Mixed fragmentation can be done in two different ways:
◦ The first method is to first create a set or group of horizontal fragments and then create vertical fragments
from one or more of the horizontal fragments.
◦ The second method is to first create a set or group of vertical fragments and then create horizontal
fragments from one or more of the vertical fragments.
◦ Example:
◦ πFname, Minit, Dno (σSalary <= 30000 (Employee))
Data Replication and Allocation
Data Replication
◦ Replication is useful in improving the availability of data.
◦ The most extreme case is replication of the whole database at every site in the distributed system, thus
creating a fully replicated distributed database.
◦ This can improve availability remarkably because the system can continue to operate as long as at least one
site is up.
◦ It also improves performance of retrieval for global queries because the results of such queries can be
obtained locally from any one site; hence, a retrieval query can be processed at the local site where it is
submitted, if that site includes a server module.
◦ The disadvantage of full replication is that it can slow down update operations drastically, since a single
logical update must be performed on every copy of the database to keep the copies consistent.
◦ This is especially true if many copies of the database exist.
◦ Full replication makes the concurrency control and recovery techniques more expensive than they would be
if there was no replication.
Data Replication
◦ The other extreme from full replication involves having no replication - that is, each fragment is stored at
exactly one site.
◦ All fragments must be disjoint except for the repetition of primary keys among vertical (or mixed) fragments.
◦ This is also called nonredundant allocation.
◦ Between these two extremes, we have a wide spectrum of partial replication of the data—that is, some
fragments of the database may be replicated whereas others may not.
◦ The number of copies of each fragment can range from one up to the total number of sites in the
distributed system.
◦ A description of the replication of fragments is sometimes called a replication schema.
Data Allocation
◦ Each copy of a fragment must be assigned to a particular site in the distributed system.
◦ This process is called data distribution or data allocation.

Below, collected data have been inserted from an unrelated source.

lemma tendsto_SUP_outer_meas_set_prod_translates_zero:
  fixes m \<nu> :: "'g::{topological_group_add, t2_space} measure"
    and A Z :: "'i::order \<Rightarrow> 'g set"
  assumes haar: "haar_measure m" and unimod: "unimodular m"
    and foelner: "strong_foelner m A" and utb: "upper_translation_bounded \<nu>"
    and "compact N" "N \<noteq> {}" "compact L" "L \<noteq> {}" and Z: "\<And>i. Z i \<subseteq> bd_lower N (A i)"
  shows "((\<lambda>i. SUP s. outer_meas \<nu> (rtrans (set_prod L (Z i)) s) / emeasure m (A i)) \<longlongrightarrow> 0) at_top"
proof (rule tendsto_SUP_outer_meas_translates_zero[OF haar unimod foelner utb,
      where N = "set_prod N (set_inv L)"])
  show "compact (set_prod N (set_inv L))" "set_prod N (set_inv L) \<noteq> {}"
    using assms by (simp_all add: compact_set_prod compact_set_inv set_prod_nonempty)
  show "set_prod L (Z i) \<subseteq> bd_lower (set_prod N (set_inv L)) (A i)" for i
    using set_prod_mono[OF order_refl Z] set_prod_bd_lower_subset by blast
qed

lemma eventually_at_top_directed:
  assumes directed: "\<forall>a b :: 'i::order. \<exists>c. a \<le> c \<and> b \<le> c"
  shows "eventually P (at_top :: 'i filter) \<longleftrightarrow> (\<exists>k. \<forall>n\<ge>k. P n)"
proof -
  have "\<exists>c\<in>UNIV. principal {c..} \<le> inf (principal {a..}) (principal {b..})" for a b :: 'i
  proof -
    obtain c where "a \<le> c" "b \<le> c" using directed by blast
    then have "{c..} \<subseteq> {a..} \<inter> {b..}" by auto
    then show ?thesis by (auto simp: inf_principal)
  qed
  then show ?thesis
    unfolding at_top_def by (subst eventually_INF_base) (auto simp: eventually_principal)
qed

lemma directed_at_top_neq_bot:
  assumes "\<forall>a b :: 'i::order. \<exists>c. a \<le> c \<and> b \<le> c"
  shows "(at_top :: 'i filter) \<noteq> bot"
  unfolding eventually_False[symmetric] eventually_at_top_directed[OF assms] by auto

lemma SUP_Lim_eq_0:
  fixes g :: "'a \<Rightarrow> 'b \<Rightarrow> ennreal"
  assumes "F \<noteq> bot" and "\<And>k. k \<in> I \<Longrightarrow> (g k \<longlongrightarrow> 0) F"
  shows "(SUP k\<in>I. Lim F (g k)) = 0"
proof -
  have "Lim F (g k) = 0" if "k \<in> I" for k
    using assms(1) assms(2)[OF that] by (rule tendsto_Lim)
  then show ?thesis by (simp add: SUP_bot_conv bot_ennreal[symmetric])
qed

◦ The choice of sites and the degree of replication depend on the performance and availability goals of the
system and on the types and frequencies of transactions submitted at each site.
◦ If high availability is required, transactions can be submitted at any site, and most transactions are retrieval
only, a fully replicated database is a good choice.
◦ If certain transactions that access particular parts of the database are mostly submitted at a particular site,
the corresponding set of fragments can be allocated at that site only.
◦ Data that is accessed at multiple sites can be replicated at those sites.
To summarize the Allocation:
◦ Centralises: Entire database is stored at a single site. No data distribution occurs
◦ Partitioned: The database gets divided into different fragments which are stored at several sites.
◦ Replicated: Copies of the database are stored at different locations to access the data.